Lemire: After cruising steadily higher for most of this year, stock market investors were reminded that the rally remains in the hands of the Federal Reserve (Fed). The market’s “taper tantrum” resulted in a selloff that also saw bond yields spike. Fed officials have quieted the taper talk and markets have recovered nicely, although bond yields remain above recent lows. However, there is a sense that investors are keeping one eye on the exits and standing ready to sell should the Fed do more than just talk about exit strategies. Thus, this spring’s declines could be a preview of future market reactions should the Fed do more than talk.
Over the shorter term, it is possible that the Fed once again attempts to condition the market for its eventual withdrawal of support, although actual actions appear unlikely. Thus, heightened volatility may be the norm for a while.
Lombardo: As long-term investors focusing on strategic asset allocations, we are not particularly concerned with market performance over the next several months. However, U.S. equity markets may well have put in their highs for the year. Earnings growth has slowed dramatically over the last 18 months while the S&P 500 has risen about 30 percent in the same period. More robust valuation metrics — such as Tobin’s Q (measuring the ratio between the market value and replacement value of the same asset) or CAPE (the cyclically adjusted price-to-earnings ratio) — suggest that U.S. equities are overvalued. Stocks may continue higher in the short-term, but the rapid rise in U.S. equity prices over the last two years has dramatically reduced return potential over the next three to five years.
Recently, treasury yields have risen rapidly due to apprehension about when the Fed will reduce, and ultimately end, its quantitative easing, or bond buying, program.

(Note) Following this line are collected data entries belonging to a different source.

(* For every $\delta>0$, every $k\ge 1$ and every $j\in\omega$ there is $N_0$ such that for every $N\ge N_0$ and every $j$ collections $\mathcal{A}_0,\dots,\mathcal{A}_{j-1}\subseteq\mathcal{P}(N)$, each $k$-large in $N$ and upward closed, there exists $Z\subseteq N$ with $|Z|<(1/k+\delta)N$ and $Z\in\bigcap_{j'<j}\mathcal{A}_{j'}$.
   Context: Identify $N$ with $\{0,\dots,N-1\}$. A collection $\mathcal{A}\subseteq\mathcal{P}(N)$ is $k$-large in $N$ if for every partition of $N$ into $k$ pieces $N_0,\dots,N_{k-1}$ there is $i<k$ with $N_i\in\mathcal{A}$. $\mathcal{A}$ is upward closed if $B\in\mathcal{A}$ and $B\subseteq A\subseteq N$ imply $A\in\mathcal{A}$. *)

theory Defs
  imports Main Complex_Main
begin

text \<open>N is identified with {0..<N}. A partition of N into k (possibly empty) pieces
  N_0,...,N_{k-1} is given by a colouring c with c x < k for x < N; N_i = {x<N. c x = i}.\<close>

definition k_large :: "nat \<Rightarrow> nat \<Rightarrow> nat set set \<Rightarrow> bool" where
  "k_large k N \<A> \<longleftrightarrow>
     (\<forall>c :: nat \<Rightarrow> nat. (\<forall>x<N. c x < k) \<longrightarrow> (\<exists>i<k. {x\<in>{0..<N}. c x = i} \<in> \<A>))"

definition upward_closed :: "nat \<Rightarrow> nat set set \<Rightarrow> bool" where
  "upward_closed N \<A> \<longleftrightarrow> (\<forall>B A. B \<in> \<A> \<and> B \<subseteq> A \<and> A \<subseteq> {0..<N} \<longrightarrow> A \<in> \<A>)"

end

theory Submission
  imports Defs "HOL-Library.Ramsey" "HOL-Library.FuncSet"
begin

text \<open>Choose q much larger than k and then L large, and label the points y < N periodically
  by all q^n functions S_y : n -> q. Reading S_y along an L-subset x of n gives a word of
  length L; call it good if it has no letter below k, or its first letter below k (the marker)
  sits at a position p < k, or p plus the marker is divisible by k. Good words have density at
  most (1 - k/q)^L + k^2/q + 1/k, so the set Y_x of points whose word on x is good has fewer
  than (1/k + delta) N elements. Conversely, among the k windows of length L of any word of
  length L + k - 1 one is good, so for every (L + k - 1)-subset H of n the sets Y_x, x a window
  of H, cover N, and k-largeness with upward closure puts one of them into each family.
  Ramsey's theorem for L-subsets of a large enough n then yields one x with Y_x in all j
  families.\<close>

lemma k_large_cover:
  assumes "k_large k N \<A>" and "upward_closed N \<A>"
    and "\<forall>l<k. C l \<subseteq> {0..<N}" and "\<forall>y<N. \<exists>l<k. y \<in> C l"
  shows "\<exists>l<k. C l \<in> \<A>"
proof -
  define c where "c y = (LEAST l. l < k \<and> y \<in> C l)" for y
  have c: "c y < k \<and> y \<in> C (c y)" if "y < N" for y
    unfolding c_def by (rule LeastI_ex) (use assms(4) that in blast)
  then obtain l where "l < k" and "{y \<in> {0..<N}. c y = l} \<in> \<A>"
    using assms(1) unfolding k_large_def by blast
  moreover have "{y \<in> {0..<N}. c y = l} \<subseteq> C l" using c by auto
  ultimately show ?thesis
    using assms(2,3) unfolding upward_closed_def by blast
qed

The effects have rippled across global fixed-income markets, which also have sold off dramatically. This has created some attractive opportunities, especially in municipal and emerging fixed-income markets. Fixed-income markets are likely oversold in the near term, but they are likely to remain volatile. While rates are below long-term equilibrium levels, they are likely to remain low longer than many would suspect due to quantitative easing and economic weakness.
Sarenski: Our outlook for the next few months in the financial markets is neutral to positive. Companies around the globe are improving their bottom line but the improvements in the bottom lines are getting smaller since year-over-year growth is running at a pace of two to three percent, not four to five percent. Inflation remains low, near two percent, so the year-over-year increase in bottom line is slightly above the inflation rate. Steady, but less than robust, growth can be expected in equity markets.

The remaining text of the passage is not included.